Сборник «Только любовь»[3], соединяя разрозненные черты нескольких периодов творчества К. Д. Бальмонта, не является, однако, новым взлетом в вышину. Он – только полнее, многозвучнее, многоцветней, заканчивая какой-то большой период творчества. Вот почему удачна мысль назвать его семицветиком.
До последнего времени чистая поэзия приближалась к музыке. Музыка от Бетховена до Вагнера и Р. Штрауса рисовала параболу по направлению к поэзии. В развитии философской мысли тоже наблюдались признаки, сближающие ее с поэзией. Проблематическая точка, где поэзия, музыка и мысль сливаются в нечто нераздельное, неожиданно приблизилась к нам. Эта точка – мистерия.

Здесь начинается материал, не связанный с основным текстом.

lemma eval_fps_eqD_real:
  fixes F G :: "real fps"
  assumes "fps_conv_radius F > 0" "fps_conv_radius G > 0"
    and "eventually (\<lambda>t. eval_fps F t = eval_fps G t) (nhds 0)"
  shows "F = G"
proof -
  have "fps_conv_radius (F - G) > 0"
    using assms(1,2) by (intro less_le_trans[OF _ fps_conv_radius_diff]) simp
  moreover have "eventually (\<lambda>t. t \<in> eball 0 (min (fps_conv_radius F) (fps_conv_radius G))) (nhds (0::real))"
    using assms(1,2) by (intro eventually_nhds_in_open) (auto simp: zero_ereal_def)
  with assms(3) have "eventually (\<lambda>t. eval_fps (F - G) t = 0) (nhds 0)"
    by eventually_elim (simp add: eval_fps_diff)
  ultimately have "F - G = 0"
    by (rule eval_fps_eq_0_imp_eq_0)
  then show ?thesis
    by simp
qed

section \<open>The generating function of the \<open>f_k\<close>\<close>

lemma fcoef_0: "fcoef 0 = 1"
  by (simp add: fcoef_def ecoef_def)

lemma fcoef_sums:
  fixes t :: real
  assumes "\<bar>t\<bar> < 1"
  shows "(\<lambda>k. fcoef k * t^k) sums (efun (-t) / exp 1)"
proof -
  have "(\<lambda>k. exp 1 * ecoef k * (-t)^k / exp 1) sums (efun (-t) / exp 1)"
    using efun_sums[of "-t"] assms by (intro sums_divide) simp
  then show ?thesis
    by (simp add: fcoef_def power_minus[of t] mult_ac)
qed

definition fps_f :: "real fps" where
  "fps_f = Abs_fps fcoef"

definition fps_L :: "real fps" where
  "fps_L = Abs_fps (\<lambda>m. if m = 0 then 0 else 1 / (real m + 1))"

lemma fps_L_sums:
  fixes t :: real
  assumes "\<bar>t\<bar> < 1" "t \<noteq> 0"
  shows "(\<lambda>m. fps_nth fps_L m * t^m) sums (- ln (1 - t) / t - 1)"
proof -
  have "(\<lambda>n. - ((-(-t))^n) / of_nat n) sums ln (1 + -t)"
    by (rule ln_series') (use assms in simp)
  then have "(\<lambda>n. t^n / of_nat n) sums (- ln (1 - t))"
    using sums_minus by fastforce
  then have "(\<lambda>n. t^(Suc n) / of_nat (Suc n)) sums (- ln (1 - t))"
    by (subst sums_Suc_iff) simp
  then have "(\<lambda>n. t^(Suc n) / of_nat (Suc n) / t) sums (- ln (1 - t) / t)"
    by (rule sums_divide)
  moreover have "t^(Suc n) / of_nat (Suc n) / t = t^n / (real n + 1)" for n
  proof -
    have "t^(Suc n) / of_nat (Suc n) / t = (t^(Suc n) / t) / of_nat (Suc n)"
      by (simp only: divide_divide_eq_left mult.commute)
    also have "t^(Suc n) / t = t^n"
      using assms(2) by simp
    finally show ?thesis
      by simp
  qed
  ultimately have "(\<lambda>n. t^n / (real n + 1) - (if n = 0 then 1 else 0)) sums (- ln (1 - t) / t - 1)"
    using sums_single[of 0 "\<lambda>_. 1::real"] by (intro sums_diff) simp_all
  moreover have "(\<lambda>m. fps_nth fps_L m * t^m) = (\<lambda>n. t^n / (real n + 1) - (if n = 0 then 1 else 0))"
    by (auto simp: fps_L_def fun_eq_iff)
  ultimately show ?thesis
    by simp
qed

Все меньше и меньше великих представителей эстетизма. Среди поэтов все чаще наблюдаются передвижения в область религиозно-философскую. Ручьи поэзии переливаются в теургию и магию. Для чистой поэзии наступает пора осени. Тем драгоценнее, тем прекраснее лепестки еще не угасших цветов, отливающие красным и синим жаром:
Бальмонт – залетная комета. Она повисла в лазури над сумраком, точно рубиновое ожерелье. И потом сотнями красных слез пролилась над заснувшей землею. Бальмонт – заемная роскошь кометных багрянцев на изысканно-нежных пятнах пунцового мака. Сладкий аромат розовеющих шапочек клевера, вернувших нам память о детстве.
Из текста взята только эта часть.